Pandas support will say that it's an xlrd problem, not a pandas problem, and will close (this) thread
xlrd here will say, "the file has been saved as "XML Spreadsheet (*.xml)" i.e. NOT in XLS or XLSX format, not supported by xlrd", and will close the thread
And if you happen to email eia.gov and ask them to provide their data in a different Excel format (or csv), they will simply ignore your request

As far as I can tell it's a "won't fix" situation by everyone involved.

jbwhit on 20 Apr 2018

😕2

@jbwhit I followed the thread but assumed this might have been addressed since the issue was in 2015

darshanlol on 20 Apr 2018

Pandas support will say that it's an xlrd problem, not a pandas problem, and will close (this) thread

To clarify, there is no code in pandas itself for actually reading the excel file, we only rely on third-party libraries, and I don't think we are going the change that. But it's not that we don't want to be able to read such format. If somebody writes a library (with similar api as xlrd) that can read it, we might consider relying upon it.

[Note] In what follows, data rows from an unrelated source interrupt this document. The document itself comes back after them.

(* Let $N\in\mathbb{N}$, let $(X_i,d_{X_i})$ be Polish spaces, $X=\prod_{i=1}^N X_i$, let $p\in[1,\infty]$, $\mu_i\in\mathcal{P}_p(X_i)$, $\boldsymbol\mu=(\mu_1,\dots,\mu_N)$, $P=\mu_1\otimes\cdots\otimes\mu_N$, and let $c:X\to\mathbb{R}$ be continuous with growth of order $p$ (bounded if $p=\infty$). Let $(\varphi,\psi)$ be convex conjugates and assume $\varphi$ is $(\lambda_1,\lambda_2)$-convex for some $\lambda_1,\lambda_2\ge 0$. Let $\pi^*$ be an optimizer of $\mathsf{OT}_\varphi(\boldsymbol\mu)$ and let $\pi\in\Pi(\boldsymbol\mu)$. Then for any measurable $\rho:X\to\mathbb{R}_+$, \[ \|\rho(\pi^*-\pi)\|_{TV}^2\le C\left(\int|\rho|^2\,d(P+\pi^*+\pi)\right)\left(\mathcal{F}^{\boldsymbol\mu}_\varphi(\pi)-\mathcal{F}^{\boldsymbol\mu}_\varphi(\pi^* )\right), \] where $C=4\max\{\lambda_1,\lambda_2\}$.
   Context: $(\varphi,\psi)$ convex conjugates: $\varphi:\mathbb{R}_+\to\mathbb{R}$ strictly convex, bounded below, $\varphi(1)=0$, $\varphi(x)/x\to\infty$ as $x\to\infty$, and $\psi(y)=\sup_{x\ge0}(xy-\varphi(x))$. $\varphi$ is $(\lambda_1,\lambda_2)$-convex if $\varphi\in C^2(\mathbb{R}_+)$ and $1/\varphi''(x)\le\lambda_1+\lambda_2 x$ for all $x\in(0,\infty)$. The $\varphi$-divergence is $D_\varphi(Q,P)=\int\varphi(dQ/dP)\,dP$ if $Q\ll P$ and $+\infty$ otherwise. $\Pi(\boldsymbol\mu)$ is the set of probability measures on $X$ with $i$-th marginal $\mu_i$. $\mathcal{F}^{\boldsymbol\mu}_\varphi(\pi)=\int c\,d\pi+D_\varphi(\pi,P)$ and $\mathsf{OT}_\varphi(\boldsymbol\mu)=\inf_{\pi\in\Pi(\boldsymbol\mu)}\mathcal{F}^{\boldsymbol\mu}_\varphi(\pi)$. Growth of order $p<\infty$ means $|c(x)|\le C'(1+d_X(x_0,x)^p)$ for some $x_0\in X$, $C'>0$. $\|\cdot\|_{TV}$ is the total variation norm of signed measures (total mass of the variation, so probability measures have norm one), and $\rho(\pi^*-\pi)$ denotes the signed measure $\rho\pi^*-\rho\pi$, where $\rho\pi$ has density $\rho$ with respect to $\pi$. *)

theory Defs
  imports "HOL-Probability.Probability"
begin

definition borel_of :: "'a topology \<Rightarrow> 'a measure" where
  "borel_of T = sigma (topspace T) {U. openin T U}"

definition polish_metric :: "'a set \<Rightarrow> ('a \<Rightarrow> 'a \<Rightarrow> real) \<Rightarrow> bool" where
  "polish_metric S d \<longleftrightarrow> Metric_space S d \<and> Metric_space.mcomplete S d
      \<and> separable_space (Metric_space.mtopology S d)"

(* mu is in P_p(S,d), p \<in> [1,\<infinity>]; P_\<infinity> = probability measures with bounded support *)
definition in_Pp :: "ennreal \<Rightarrow> 'a set \<Rightarrow> ('a \<Rightarrow> 'a \<Rightarrow> real) \<Rightarrow> 'a measure \<Rightarrow> bool" where
  "in_Pp p S d mu \<longleftrightarrow> prob_space mu \<and> sets mu = sets (borel_of (Metric_space.mtopology S d))
     \<and> space mu = S
     \<and> (if p = \<top> then (\<exists>x0\<in>S. \<exists>R. AE x in mu. d x0 x \<le> R)
        else (\<exists>x0\<in>S. integrable mu (\<lambda>x. d x0 x powr enn2real p)))"

definition prod_dist :: "nat \<Rightarrow> (nat \<Rightarrow> 'a \<Rightarrow> 'a \<Rightarrow> real) \<Rightarrow> (nat \<Rightarrow> 'a) \<Rightarrow> (nat \<Rightarrow> 'a) \<Rightarrow> real" where
  "prod_dist N d x y = (\<Sum>i<N. d i (x i) (y i))"

definition growth_order :: "ennreal \<Rightarrow> nat \<Rightarrow> (nat \<Rightarrow> 'a set) \<Rightarrow> (nat \<Rightarrow> 'a \<Rightarrow> 'a \<Rightarrow> real)
     \<Rightarrow> ((nat \<Rightarrow> 'a) \<Rightarrow> real) \<Rightarrow> bool" where
  "growth_order p N S d c \<longleftrightarrow>
     (if p = \<top> then (\<exists>B. \<forall>x\<in>PiE {..<N} S. \<bar>c x\<bar> \<le> B)
      else (\<exists>x0\<in>PiE {..<N} S. \<exists>C'>0. \<forall>x\<in>PiE {..<N} S.
              \<bar>c x\<bar> \<le> C' * (1 + prod_dist N d x0 x powr enn2real p)))"

definition admissible_phi :: "(real \<Rightarrow> real) \<Rightarrow> bool" where
  "admissible_phi \<phi> \<longleftrightarrow>
     (\<forall>x\<ge>0. \<forall>y\<ge>0. \<forall>t. x \<noteq> y \<and> 0 < t \<and> t < 1 \<longrightarrow>
        \<phi> ((1 - t) * x + t * y) < (1 - t) * \<phi> x + t * \<phi> y)
   \<and> (\<exists>b. \<forall>x\<ge>0. b \<le> \<phi> x)
   \<and> \<phi> 1 = 0
   \<and> filterlim (\<lambda>x. \<phi> x / x) at_top at_top"

(* (lambda1,lambda2)-convexity: phi is C^2 on (0,\<infinity>) (and continuous on [0,\<infinity>)),
   and 1/phi'' <= lambda1 + lambda2 x, where 1/0 is read as +\<infinity> (so phi'' > 0) *)
definition lambda_convex :: "real \<Rightarrow> real \<Rightarrow> (real \<Rightarrow> real) \<Rightarrow> bool" where
  "lambda_convex l1 l2 \<phi> \<longleftrightarrow>
     continuous_on {0..} \<phi>
   \<and> (\<forall>x>0. \<phi> differentiable (at x) \<and> deriv \<phi> differentiable (at x))
   \<and> continuous_on {0<..} (deriv (deriv \<phi>))
   \<and> (\<forall>x>0. deriv (deriv \<phi>) x > 0 \<and> 1 / deriv (deriv \<phi>) x \<le> l1 + l2 * x)"

(* phi-divergence D_phi(Q,P) (for finite P; phi bounded below, so non-integrability means +\<infinity>) *)
definition phi_div :: "(real \<Rightarrow> real) \<Rightarrow> 'a measure \<Rightarrow> 'a measure \<Rightarrow> ereal" where
  "phi_div \<phi> Q P =
    (if sets Q = sets P \<and> absolutely_continuous P Q then
       (if integrable P (\<lambda>x. \<phi> (enn2real (RN_deriv P Q x)))
        then ereal (\<integral>x. \<phi> (enn2real (RN_deriv P Q x)) \<partial>P) else \<infinity>)
     else \<infinity>)"

definition couplings :: "nat \<Rightarrow> (nat \<Rightarrow> 'a measure) \<Rightarrow> (nat \<Rightarrow> 'a) measure set" where
  "couplings N \<mu> = {\<pi>. prob_space \<pi> \<and> sets \<pi> = sets (PiM {..<N} \<mu>)
       \<and> (\<forall>i<N. distr \<pi> (\<mu> i) (\<lambda>x. x i) = \<mu> i)}"

definition F_phi :: "(real \<Rightarrow> real) \<Rightarrow> ((nat \<Rightarrow> 'a) \<Rightarrow> real) \<Rightarrow> (nat \<Rightarrow> 'a) measure
     \<Rightarrow> (nat \<Rightarrow> 'a) measure \<Rightarrow> ereal" where
  "F_phi \<phi> c P \<pi> = ereal (\<integral>x. c x \<partial>\<pi>) + phi_div \<phi> \<pi> P"

definition OT_phi :: "(real \<Rightarrow> real) \<Rightarrow> ((nat \<Rightarrow> 'a) \<Rightarrow> real) \<Rightarrow> nat \<Rightarrow> (nat \<Rightarrow> 'a measure) \<Rightarrow> ereal" where
  "OT_phi \<phi> c N \<mu> = (INF \<pi>\<in>couplings N \<mu>. F_phi \<phi> c (PiM {..<N} \<mu>) \<pi>)"

definition tv_norm_diff :: "'a measure \<Rightarrow> 'a measure \<Rightarrow> ereal" where
  "tv_norm_diff M1 M2 = (SUP F \<in> {F. finite F \<and> disjoint F \<and> F \<subseteq> sets M1
        \<and> (\<forall>A\<in>F. emeasure M1 A < \<top> \<and> emeasure M2 A < \<top>)}.
        ereal (\<Sum>A\<in>F. \<bar>measure M1 A - measure M2 A\<bar>))"

end

theory Submission
  imports Defs
begin

text \<open>
  Write \<open>\<pi>\<^sup>* = g P\<close> and \<open>\<pi> = f P\<close>. The midpoint \<open>h P\<close>, \<open>h = (f + g) / 2\<close>, is again a
  coupling, and the cost term of \<open>F\<close> is linear in the coupling, so optimality of \<open>\<pi>\<^sup>*\<close> bounds
  the convexity gap \<open>\<integral> (\<phi>(f) + \<phi>(g)) / 2 - \<phi>(h) dP\<close> by \<open>(F(\<pi>) - F(\<pi>\<^sup>*)) / 2\<close>.
  Since \<open>\<phi>'' \<ge> 1 / (max \<lambda>\<^sub>1 \<lambda>\<^sub>2 (1 + x))\<close>, the pointwise gap dominates
  \<open>(f - g)\<^sup>2 / (8 max \<lambda>\<^sub>1 \<lambda>\<^sub>2 (1 + f + g))\<close>. Finally \<open>\<parallel>\<rho>(\<pi>\<^sup>* - \<pi>)\<parallel> \<le> \<integral> \<rho> \<bar>f - g\<bar> dP\<close>, and the
  Cauchy--Schwarz inequality with weight \<open>1 + f + g\<close> gives the claim, because
  \<open>\<integral> \<rho>\<^sup>2 (1 + f + g) dP = \<integral> \<rho>\<^sup>2 d(P + \<pi>\<^sup>* + \<pi>)\<close>.
\<close>

lemma MVT_has_real_derivative:
  fixes f f' :: "real \<Rightarrow> real"
  assumes "a < b" and "continuous_on {a..b} f"
    and f': "\<And>x. a < x \<Longrightarrow> x < b \<Longrightarrow> (f has_real_derivative f' x) (at x)"
  shows "\<exists>z. a < z \<and> z < b \<and> f b - f a = (b - a) * f' z"
proof -
  have "f differentiable (at x)" if "a < x" "x < b" for x
    using f'[OF that] real_differentiable_def by blast
  then obtain l z where z: "a < z" "z < b" "(f has_real_derivative l) (at z)"
    "f b - f a = (b - a) * l"
    using MVT[OF assms(1,2)] by blast
  moreover have "l = f' z"
    using z by (intro DERIV_unique[OF z(3) f']) auto
  ultimately show ?thesis by blast
qed
(* Let $m\in\{1,2\}$ and let $\gamma_1,\dots,\gamma_m\colon[0,T]\to\overline{\mathbb D}\setminus\{0\}$ be Jordan arcs with $\gamma_k(0)\in\partial\mathbb D$ and $\Gamma_k:=\gamma_k(0,T]\subset\mathbb D$, pairwise disjoint. Then $\alpha_k(t)\le1$ for all $t\in[0,T]$ and all $k$.
   Context: $\mathbb D$ is the unit disk. $g_t$ is the unique conformal map of $\mathbb D\setminus\bigcup_{k=1}^m\gamma_k[0,t]$ onto $\mathbb D$ with $g_t(0)=0$, $g_t'(0)>0$; $h_{k;t}$ is the unique conformal map of $\mathbb D\setminus\gamma_k[0,t]$ onto $\mathbb D$ with $h_{k;t}(0)=0$, $h_{k;t}'(0)>0$; $\zeta_k(t):=h_{k;t}(\gamma_k(t))\in\partial\mathbb D$ (boundary value). $\alpha_k(t):=\big|(g_t\circ h_{k;t}^{-1})'(\zeta_k(t))\big|$, where $g_t\circ h_{k;t}^{-1}$ is extended analytically by Schwarz reflection to a neighborhood of $\zeta_k(t)$. *)

theory Defs
  imports "HOL-Complex_Analysis.Complex_Analysis"
begin

abbreviation unit_disk :: "complex set" where
  "unit_disk \<equiv> ball 0 1"

definition jordan_arc_on :: "real \<Rightarrow> (real \<Rightarrow> complex) \<Rightarrow> bool" where
  "jordan_arc_on T c \<longleftrightarrow> continuous_on {0..T} c \<and> inj_on c {0..T}"

definition normalized_conformal_map :: "complex set \<Rightarrow> (complex \<Rightarrow> complex) \<Rightarrow> bool" where
  "normalized_conformal_map S f \<longleftrightarrow>
     f holomorphic_on S \<and> inj_on f S \<and> f ` S = unit_disk \<and>
     f 0 = 0 \<and> deriv f 0 \<in> \<real> \<and> Re (deriv f 0) > 0"

end

theory Submission
  imports Defs
begin

text \<open>Write \<open>\<Omega>\<close> for the disk minus all arcs and \<open>\<Omega>\<^sub>k\<close> for the disk minus the
  \<open>k\<close>-th arc. Since \<open>h\<close> maps \<open>\<Omega> \<subseteq> \<Omega>\<^sub>k\<close> into the disk fixing 0, Schwarz's lemma
  applied to \<open>h \<circ> g\<^sup>-\<^sup>1\<close> gives \<open>|h| \<le> |g|\<close> on \<open>\<Omega>\<close>, i.e. \<open>|w| \<le> |F w| < 1\<close> on
  \<open>h(\<Omega>)\<close>. Arcs are nowhere dense, so \<open>h(\<Omega>)\<close> is dense in the disk and the bounds
  \<open>|z| \<le> |F z| \<le> 1\<close> hold on the closed disk near \<open>\<zeta>\<close>, where \<open>|\<zeta>| = 1\<close> because \<open>\<zeta>\<close> is a
  boundary value of the homeomorphism \<open>h\<close>. Differentiating \<open>|F|\<^sup>2\<close> along the radius and
  along the circle at \<open>\<zeta>\<close> then shows that \<open>conj (F \<zeta>) \<zeta> F'(\<zeta>)\<close> is a real number in
  \<open>[0,1]\<close>.\<close>

lemma DERIV_nonpos_at_right_local_max:
  fixes f :: "real \<Rightarrow> real"
  assumes "(f has_real_derivative D) (at x)" and "\<delta> > 0"
    and "\<And>h. 0 < h \<Longrightarrow> h < \<delta> \<Longrightarrow> f (x + h) \<le> f x"
  shows "D \<le> 0"
proof (rule ccontr)
  assume "\<not> D \<le> 0"
  then obtain d where "d > 0" and inc: "\<And>h. 0 < h \<Longrightarrow> h < d \<Longrightarrow> f x < f (x + h)"
    using DERIV_pos_inc_right[OF assms(1)] by auto
  have "f x < f (x + min d \<delta> / 2)" using inc \<open>d > 0\<close> \<open>\<delta> > 0\<close> by simp
  moreover have "f (x + min d \<delta> / 2) \<le> f x" using assms(3) \<open>d > 0\<close> \<open>\<delta> > 0\<close> by simp
  ultimately show False by simp
qed

lemma has_real_derivative_norm_power2:
  fixes G :: "real \<Rightarrow> complex"
  assumes "(G has_vector_derivative D) (at s)"
  shows "((\<lambda>s. (cmod (G s))\<^sup>2) has_real_derivative 2 * Re (cnj (G s) * D)) (at s)"
proof -
  have "((\<lambda>s. G s \<bullet> G s) has_derivative (\<lambda>h. G s \<bullet> (h *\<^sub>R D) + (h *\<^sub>R D) \<bullet> G s)) (at s)"
    using assms unfolding has_vector_derivative_def by (intro derivative_intros)
  moreover have "(\<lambda>h. G s \<bullet> (h *\<^sub>R D) + (h *\<^sub>R D) \<bullet> G s) = (*) (2 * Re (cnj (G s) * D))"
    by (auto simp: inner_complex_def algebra_simps)
  ultimately show ?thesis
    unfolding has_field_derivative_def power2_norm_eq_inner by simp
qed

lemma has_real_derivative_norm_power2_along_curve:
  assumes "(q has_field_derivative d) (at 0)" and "q 0 = z"
    and "(F has_field_derivative c) (at z)"
  shows "((\<lambda>s. (cmod (F (q (of_real s))))\<^sup>2) has_real_derivative 2 * Re (cnj (F z) * (d * c)))
           (at 0)"
proof -
  have "((F \<circ> q) has_field_derivative c * d) (at (of_real 0))"
    using DERIV_chain[of F c q 0 d] assms by simp
  from has_real_derivative_norm_power2[OF has_vector_derivative_real_field[OF this]]
  show ?thesis using \<open>q 0 = z\<close> by (simp add: mult.commute)
qed

lemma isCont_imp_real_segment_in_open:
  fixes q :: "complex \<Rightarrow> 'a::topological_space"
  assumes "isCont q 0" and "open U" and "q 0 \<in> U"
  obtains \<delta> where "\<delta> > 0" and "\<And>s. \<bar>s\<bar> < \<delta> \<Longrightarrow> q (of_real s) \<in> U"
proof -
  have "\<forall>\<^sub>F z in at 0. q z \<in> U"
    using assms by (simp add: isCont_def tendsto_def)
  then obtain \<delta> where "\<delta> > 0" and \<delta>: "\<And>z. z \<noteq> 0 \<Longrightarrow> dist z 0 < \<delta> \<Longrightarrow> q z \<in> U"
    by (auto simp: eventually_at)
  have "q (of_real s) \<in> U" if "\<bar>s\<bar> < \<delta>" for s
    using \<delta>[of "of_real s"] that \<open>q 0 \<in> U\<close> by (cases "s = 0") auto
  with \<open>\<delta> > 0\<close> show thesis by (rule that)
qed

context
  fixes F :: "complex \<Rightarrow> complex" and U :: "complex set" and \<zeta> :: complex
  assumes holF: "F holomorphic_on U" and "open U" and "\<zeta> \<in> U" and \<zeta>_sphere: "norm \<zeta> = 1"
    and bounds: "\<And>z. z \<in> U \<Longrightarrow> norm z \<le> 1 \<Longrightarrow> norm z \<le> norm (F z) \<and> norm (F z) \<le> 1"
begin

private lemma has_field_derivative_at_sphere: "(F has_field_derivative deriv F \<zeta>) (at \<zeta>)"
  using holF \<open>open U\<close> \<open>\<zeta> \<in> U\<close> by (rule holomorphic_derivI)

private lemma norm_at_sphere: "norm (F \<zeta>) = 1"
  using bounds[OF \<open>\<zeta> \<in> U\<close>] \<zeta>_sphere by linarith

jorisvandenbossche on 20 Apr 2018

👍2

Although a non-Python solution is not very satisfying, this is an issue your students will face "in the wild". If one has access to a Windows 10 OS, PowerShell can be used to iterate over each of the 1997-2003 excel XML formatted files and convert them to the current .xlsx format. This is a quick and dirty solution I resort to in my day-to-day work. An example is attached
convertXls2Xlsx.txt

dgn2 on 21 Jun 2018

@jbwhit I have run the following code:

import pandas as pd
#Read and write to excel
dataFileUrl = r"/Users/stutiverma/Downloads/coalpublic2012.xls"
data = pd.read_table(dataFileUrl)

vermastuti on 21 Jun 2018

👍3 ❤1

has this been solved because i am experiencing similar issue now

AlugoIdris on 17 Jul 2019

So far the "fix" is to open in Excel/Windows, re-save it, then open with pandas/xlrd. Not sure of other options at this point.

oolongtea on 31 Jul 2019

👍2

import pandas as pd
from xml.sax import ContentHandler, parse

Reference https://goo.gl/KaOBG3

class ExcelHandler(ContentHandler):
def __init__(self):
self.chars = [ ]
self.cells = [ ]
self.rows = [ ]
self.tables = [ ]
def characters(self, content):
self.chars.append(content)
def startElement(self, name, atts):
if name=="Cell":
self.chars = [ ]
elif name=="Row":
self.cells=[ ]
elif name=="Table":
self.rows = [ ]
def endElement(self, name):
if name=="Cell":
self.cells.append(''.join(self.chars))
elif name=="Row":
self.rows.append(self.cells)
elif name=="Table":
self.tables.append(self.rows)

excelHandler = ExcelHandler()
parse('coalpublic2012.xls', excelHandler)
df1 = pd.DataFrame(excelHandler.tables[0][4:], columns=excelHandler.tables[0][3])

Saurabhtiwari2890 on 17 Dec 2019

I faced the same issue by Iran's stock market historical data files in xls format and used @vermastuti 's solution and it worked.
But I don't know how to process table data. I want to read data from about 2000 same excell files and insert them to database.

jnoruzi on 27 Apr 2020

@jbwhit I have run the following code:
import pandas as pd
#Read and write to excel
dataFileUrl = r"/Users/stutiverma/Downloads/coalpublic2012.xls"
data = pd.read_table(dataFileUrl)
This reads the file successfully without giving any error. But, it gives all the data in the exact format as mentioned. So, you may have to do extra efforts in order to process the data after reading it successfully.

Thank you man. You are my hero.

ryuncha on 29 May 2020

👍2

Hi, I had faced the same xlrd.biffh.XLRDError: Unsupported format, or corrupt file: Expected BOF record; error and solved it by writing an XML to XLSX converter.

import pandas as pd
from bs4 import BeautifulSoup

def convert_to_xlsx():
    with open('sample.xls') as xml_file:
        soup = BeautifulSoup(xml_file.read(), 'xml')
        writer = pd.ExcelWriter('sample.xlsx')
        for sheet in soup.findAll('Worksheet'):
            sheet_as_list = []
            for row in sheet.findAll('Row'):
                sheet_as_list.append([cell.Data.text if cell.Data else '' for cell in row.findAll('Cell')])
            pd.DataFrame(sheet_as_list).to_excel(writer, sheet_name=sheet.attrs['ss:Name'], index=False, header=False)

        writer.save()